On a recent chilly fall day in New York City, I left my office early for the kind of theological research to which I have become accustomed over the last decade, and especially since becoming involved with the Rock and Theology Project: an immersion in a secular music space armed only with my theological forms of attention. My destination was the Rock and Roll Hall of Fame Annex, located in SoHo.

Looking skyward from in front of the Annex...

Looking skyward from in front of the Annex...

The Annex is a small outpost of the official Rock and Roll Hall of Fame in Cleveland, Ohio (United States). My only visit to the Cleveland site was in 1999 when I gave a talk at an event there celebrating the 50th anniversary of the National Council of Churches. (My lecture was on — rock and theology.)

So it was with anticipation that I visited the Annex, a curiosity mixed a little bit with anticipatory revulsion at the turning of rock culture into a funhouse. A museum for rock, even if only an “annex,” is in some ways a quite unrockish prospect, as if to say: the history of the genre is established solidly now, the musical genealogies are solid enough to be etched in oak, the personalities and places queued up politely like setting the needle on a phonograph and rehearsing the same circular motion all the way to the center. And then doing it again and again.

On the other hand, a museum for rock, even if only an “annex,” is a way in our culture of establishing something of public moment, of curating an essential cultural knowledge, of saying simply that “this place of things will repay careful attention.” It symbolizes that rock music, and rock culture more generally, is also a phenomenon for thought, gives a way of being heard to make an intellectual case about ourselves and our culture. That is a spirit shared by the Rock and Theology Project.

Of my leisurely three-hour visit, I recount only two moments for now:

*Early in the exhibit, visitors go into a small theater to see a 20-minute or so multimedia presentation (film, slides, lights, music, but no fog machine) on the history of rock and roll. Despite how this might sound, it was very tastefully composed to the point of being pretty well engrossing. As various artists were shown live and the music pumped loudly out of the high-end speakers (where were my prescription earphones?), people in the audience (an evident mix of generations and races) frequently clapped, cheered, sang along, mused. I sacrifice everything in my scholarly objectivity by reporting to you that I was fairly taken away by it. Here is why: beginning with the first images and sounds of Robert Johnson, seeing in front of me an audio-visual rehearsal of a coherent history of rock from blues, country, bluegrass, gospel forward right up to today was a moment of startling recognition. Even were one to quibble with the history presented, even were one to rewrite the whole thing, I realized I belonged to this tradition, that this history was effective, even then, in my blood.

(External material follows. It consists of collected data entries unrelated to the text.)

(* Let $n\ge 2$, let $TT_n$ be the transitive tournament on $n$ vertices, and let $\alpha=(\alpha_1,\dots,\alpha_s)\in\mathbb{K}_s$ with $\sum_{i=1}^s|\alpha_i|=n-1$. Then the number $f_{TT_n}(\alpha)$ of oriented (Hamiltonian) paths of type $P(\alpha)$ in $TT_n$ equals $\mathcal{F}(\alpha)$ if $\alpha$ is non-symmetric, and equals $\frac{1}{2}\mathcal{F}(\alpha)$ if $\alpha$ is symmetric.
   Context: A tournament is an orientation of a complete graph. The transitive tournament $TT_n$ has vertices $v_1,\dots,v_n$ and arcs $(v_i,v_j)$ for all $i<j$. For $s\ge1$, $\mathbb{K}_s=\{(\alpha_1,\dots,\alpha_s)\in\mathbb{Z}^s:\ \alpha_i\alpha_{i+1}<0 \text{ for all } 1\le i\le s-1\}$ (in particular, when $s\ge 2$ all entries are nonzero and signs alternate; we take all entries nonzero). An oriented path is a digraph whose underlying graph is a path; a block is a maximal directed subpath. An oriented path $P$ is of type $P(\alpha_1,\dots,\alpha_s)$ if $P$ is the concatenation of $s$ blocks $I_1,\dots,I_s$, where $I_i$ has ends $x_i,y_i$, $I_i\cap I_{i+1}=\{y_i\}=\{x_{i+1}\}$, $I_i$ has length $|\alpha_i|$, and $\alpha_i>0$ iff $I_i$ is directed from $x_i$ to $y_i$. $f_T(\alpha)$ denotes the number of (distinct, i.e. with distinct arc sets) oriented paths of type $P(\alpha)$ in $T$. For $\alpha=(\alpha_1,\dots,\alpha_s)$, write $-\alpha=(-\alpha_1,\dots,-\alpha_s)$ and $\overline{\alpha}=(\alpha_s,\dots,\alpha_1)$; $\alpha$ is symmetric if $\alpha=-\overline{\alpha}$. The path-function $\mathcal{F}$ on tuples in $\bigcup_{s\ge1}\mathbb{K}_s$ (with nonzero entries) is defined recursively: $\mathcal{F}(\alpha_1)=1$ for every nonzero integer $\alpha_1$; for $s\ge2$, $\mathcal{F}(\alpha_1,\dots,\alpha_s)=\sum_{i=1}^s\mathcal{F}(\alpha_1,\dots,\alpha_{i-1},\alpha_i*1,\alpha_{i+1},\dots,\alpha_s)$, where $\alpha_i*1=\alpha_i-1$ if $\alpha_i>0$ and $\alpha_i*1=\alpha_i+1$ if $\alpha_i<0$, and where a tuple containing a zero entry is reduced by the rules $\mathcal{F}(0,\alpha_2,\dots,\alpha_t)=\mathcal{F}(\alpha_2,\dots,\alpha_t)$, $\mathcal{F}(\alpha_1,\dots,\alpha_{t},0)=\mathcal{F}(\alpha_1,\dots,\alpha_{t})$, and $\mathcal{F}(\alpha_1,\dots,\alpha_r,0,\alpha_{r+2},\dots,\alpha_s)=\mathcal{F}(\alpha_1,\dots,\alpha_{r-1},\alpha_r+\alpha_{r+2},\alpha_{r+3},\dots,\alpha_s)$ (here $\alpha_r,\alpha_{r+2}$ have the same sign). *)

theory Defs
  imports Complex_Main
begin

definition inK :: "int list \<Rightarrow> bool" where
  "inK \<alpha> \<longleftrightarrow> \<alpha> \<noteq> [] \<and> (\<forall>x\<in>set \<alpha>. x \<noteq> 0)
      \<and> (\<forall>i. Suc i < length \<alpha> \<longrightarrow> \<alpha> ! i * \<alpha> ! Suc i < 0)"

definition symmetric_tuple :: "int list \<Rightarrow> bool" where
  "symmetric_tuple \<alpha> \<longleftrightarrow> \<alpha> = map uminus (rev \<alpha>)"

text \<open>Transitive tournament TT_n on vertices 0..n-1 (v_i corresponds to i-1).\<close>
definition TT :: "nat \<Rightarrow> (nat \<times> nat) set" where
  "TT n = {(i, j). i < j \<and> j < n}"

text \<open>Direction word of the type P(alpha): True = forward arc.\<close>
definition dirs :: "int list \<Rightarrow> bool list" where
  "dirs \<alpha> = concat (map (\<lambda>a. replicate (nat \<bar>a\<bar>) (a > 0)) \<alpha>)"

Here — I repeat I was fairly shocked to sense it — I too am belonging to something like a secular religious tradition both young and old. I recognize these figures, these sounds, these gestures, I see the 1950s gospel in the 1970s grooves, I see the 1930s blues in the 1990s grunge, I see how it can fit together, and feel how it has knit itself into me, this history of ways of somatizing secularly the sacrality of sound. This was for me a further vindication of my emerging sense, articulated frequently on this blog, that I (and many others) live in multiple traditions of spiritual exercise at once: a rockish history and a theological history.

*Later in the exhibit, one encounters a large three-dimensional map of Manhattan staged at desk-height and colored a pale white. Surrounding the map are computerized screens that show dozens of famous rock sites in the borough and give a snippet of information. Press on, say CBGB, and high-resolution pictures come up with some information about its place in rock history in New York City. There is also the option of having the site “light up” on the map in front of you so you can see where it sits in relation to the other historic sites and the borough as a whole. I thought of two things as I did this exercise: it reminded me of the “Operation” game I played as a child (“the wacky doctor’s game”), where you see arrayed before you a corpus that is at the same time a map that tells a story of its charming, fabulous, or strange innards;

and in this recollection I thought of the importance of the ancient spiritual exercises that give the “view from above” (according to Pierre Hadot in Philosophy as a Way of Life, What is Ancient Philosophy?, and other works). As children, one way we got the “view from above” regarding bodies was from the “Operation” game; this allowed a way of playfully imagining what made up a body. And with this map of Manhattan rock sites, one can have the “view from above” that becomes a way of imagining how many and varied are the places that go into constituting what we think of as a tradition, a history, a genre — an experience. It was impossible to exit the Annex, return to Mercer street and out into SoHo, the world of the avenues “from below,” and not simultaneously be sensing the city in a new way, “from above,” and holding a slightly different place for rock culture and how it presses in on so many sides, all the time — and a new sense for the ethical choices to be made to preserve such locales of musical invention (such as this alliance for SoHo) … If one can but be with rock in this mappish spiritual operation.